▸ **WHAT YOU WILL DO**
In the records below, find the line with "y \<Longrightarrow> f'" and the line with "unfolding eventually_at_right_field using"; return exactly those lines and every line between them.

▸ **SUPPLIED ENTRIES**
◇ ◇ ◇
text \<open>
  Write \<open>w = S\<^sub>k\<^sup>n\<^sup>-\<^sup>1\<close>, so that the radial equation with parameter \<open>\<mu>\<close> reads \<open>(w u')' = - \<mu> w u\<close>, and put
  \<open>\<epsilon> = (2\<pi>/T)\<^sup>2\<close>; then \<open>c\<close> solves it with \<open>\<mu> = \<lambda>\<^sub>1 - \<epsilon>\<close> and \<open>c(1) = -\<phi>\<^sub>1'(1) > 0\<close> (Hopf). Since
  \<open>\<phi>\<^sub>1''(1)\<close> is a constant, the claim is that \<open>c'(1) \<rightarrow> +\<infinity>\<close> as \<open>\<epsilon> \<rightarrow> \<infinity>\<close> and \<open>c'(1) \<rightarrow> -\<infinity>\<close> as
  \<open>\<epsilon> \<rightarrow> 0\<^sup>+\<close>.

  Bounded solutions have vanishing flux \<open>w u'\<close> at the origin, hence so does the weighted Wronskian
  \<open>W = w (c' \<phi>\<^sub>1 - c \<phi>\<^sub>1')\<close>, whose derivative is \<open>\<epsilon> w c \<phi>\<^sub>1\<close>. A Sturm comparison on a negative
  excursion of \<open>c\<close> then shows \<open>c \<ge> 0\<close> for every \<open>\<epsilon> > 0\<close>.
  For large \<open>\<epsilon>\<close> the flux \<open>w c'\<close> grows at rate \<open>(\<epsilon> - \<lambda>\<^sub>1) w c \<ge> 0\<close>; if \<open>c'(1)\<close> stayed bounded,
  \<open>c'\<close> would be bounded near \<open>1\<close>, so \<open>c \<ge> c(1)/2\<close> on a fixed interval \<open>[1-\<delta>,1]\<close>, and the flux
  would gain at least \<open>(\<epsilon> - \<lambda>\<^sub>1) c(1) \<delta> inf w / 2\<close> there, which is unbounded.
  For small \<open>\<epsilon>\<close>, with \<open>M \<ge> sup \<phi>\<^sub>1\<close>, the function \<open>M w c' + ((\<lambda>\<^sub>1 - \<epsilon>)/\<epsilon>) W\<close> has derivative
  \<open>-(\<lambda>\<^sub>1 - \<epsilon>) w c (M - \<phi>\<^sub>1) \<le> 0\<close> and vanishes at \<open>0\<close>; its value at \<open>1\<close> gives
  \<open>c'(1) \<le> -(\<lambda>\<^sub>1 - \<epsilon>) \<phi>\<^sub>1'(1)\<^sup>2 / (\<epsilon> M)\<close>.
\<close>

section \<open>Calculus on the interval (0,1]\<close>

lemma radial_deriv_at_interior:
  assumes "(f has_real_derivative D) (at x within {0<..1})" "0 < x" "x < 1"
  shows "(f has_real_derivative D) (at x)"
proof -
  have "(f has_real_derivative D) (at x within {0<..<1})"
    by (rule DERIV_subset[OF assms(1)]) auto
  then show ?thesis using at_within_open[of x "{0<..<1}"] assms(2,3) by auto
qed

lemma radial_mvt:
  fixes f f' :: "real \<Rightarrow> real"
  assumes f': "\<And>r. r \<in> {0<..1} \<Longrightarrow> (f has_real_derivative f' r) (at r within {0<..1})"
    and "0 < a" "a < b" "b \<le> 1"
  obtains \<xi> where "a < \<xi>" "\<xi> < b" "f b - f a = f' \<xi> * (b - a)"
proof -
  have "continuous_on {a..b} f"
    by (rule DERIV_continuous_on, rule DERIV_subset[OF f']) (use assms in auto)
  moreover have "(f has_derivative (\<lambda>h. f' x * h)) (at x)" if "a < x" "x < b" for x
  proof -
    have "(f has_real_derivative f' x) (at x)"
      using radial_deriv_at_interior[OF f'] that assms by auto
    then show ?thesis unfolding has_field_derivative_def by simp
  qed
  ultimately show ?thesis
    using mvt[OF assms(3), of f "\<lambda>x h. f' x * h"] that by blast
qed

lemma radial_deriv_nonneg_imp_le:
  fixes f f' :: "real \<Rightarrow> real"
  assumes "\<And>r. r \<in> {0<..1} \<Longrightarrow> (f has_real_derivative f' r) (at r within {0<..1})"
    and "0 < x" "x \<le> y" "y \<le> 1" and "\<And>r. x < r \<Longrightarrow> r < y \<Longrightarrow> 0 \<le> f' r"
  shows "f x \<le> f y"
proof (cases "x = y")
  case False
  then obtain \<xi> where "x < \<xi>" "\<xi> < y" "f y - f x = f' \<xi> * (y - x)"
    using radial_mvt[OF assms(1), of x y] assms(2-4) by auto
  then show ?thesis using assms(5)[of \<xi>] assms(3) by (metis diff_ge_0_iff_ge mult_nonneg_nonneg)
qed simp

lemma radial_deriv_neg_imp_less:
  fixes f f' :: "real \<Rightarrow> real"
  assumes "\<And>r. r \<in> {0<..1} \<Longrightarrow> (f has_real_derivative f' r) (at r within {0<..1})"
    and "0 < x" "x < y" "y \<le> 1" and "\<And>r. x < r \<Longrightarrow> r < y \<Longrightarrow> f' r < 0"
  shows "f y < f x"
proof -
  obtain \<xi> where "x < \<xi>" "\<xi> < y" "f y - f x = f' \<xi> * (y - x)"
    using radial_mvt[OF assms(1-4)] by blast
  then show ?thesis using assms(5)[of \<xi>] assms(3) mult_neg_pos[of "f' \<xi>" "y - x"] by simp
qed

lemma radial_deriv_nonneg_imp_limit_le:
  fixes f f' :: "real \<Rightarrow> real"
  assumes "\<And>r. r \<in> {0<..1} \<Longrightarrow> (f has_real_derivative f' r) (at r within {0<..1})"
    and "(f \<longlongrightarrow> L) (at_right 0)" "0 < y" "y \<le> 1" and "\<And>r. 0 < r \<Longrightarrow> r < y \<Longrightarrow> 0 \<le> f' r"
  shows "L \<le> f y"
proof (rule tendsto_upperbound[OF assms(2)])
  have "\<forall>\<^sub>F x in at_right 0. 0 < x \<and> x < y"
    unfolding eventually_at_right_field using assms(3) by (intro exI[of _ y]) auto
  then show "\<forall>\<^sub>F x in at_right 0. f x \<le> f y"
    by (rule eventually_mono) (use radial_deriv_nonneg_imp_le[OF assms(1)] assms(4,5) in auto)
qed simp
◇ ◇ ◇
▸ **YOUR RESPONSE**
    and "0 < x" "x < y" "y \<le> 1" and "\<And>r. x < r \<Longrightarrow> r < y \<Longrightarrow> f' r < 0"
  shows "f y < f x"
proof -
  obtain \<xi> where "x < \<xi>" "\<xi> < y" "f y - f x = f' \<xi> * (y - x)"
    using radial_mvt[OF assms(1-4)] by blast
  then show ?thesis using assms(5)[of \<xi>] assms(3) mult_neg_pos[of "f' \<xi>" "y - x"] by simp
qed

lemma radial_deriv_nonneg_imp_limit_le:
  fixes f f' :: "real \<Rightarrow> real"
  assumes "\<And>r. r \<in> {0<..1} \<Longrightarrow> (f has_real_derivative f' r) (at r within {0<..1})"
    and "(f \<longlongrightarrow> L) (at_right 0)" "0 < y" "y \<le> 1" and "\<And>r. 0 < r \<Longrightarrow> r < y \<Longrightarrow> 0 \<le> f' r"
  shows "L \<le> f y"
proof (rule tendsto_upperbound[OF assms(2)])
  have "\<forall>\<^sub>F x in at_right 0. 0 < x \<and> x < y"
    unfolding eventually_at_right_field using assms(3) by (intro exI[of _ y]) auto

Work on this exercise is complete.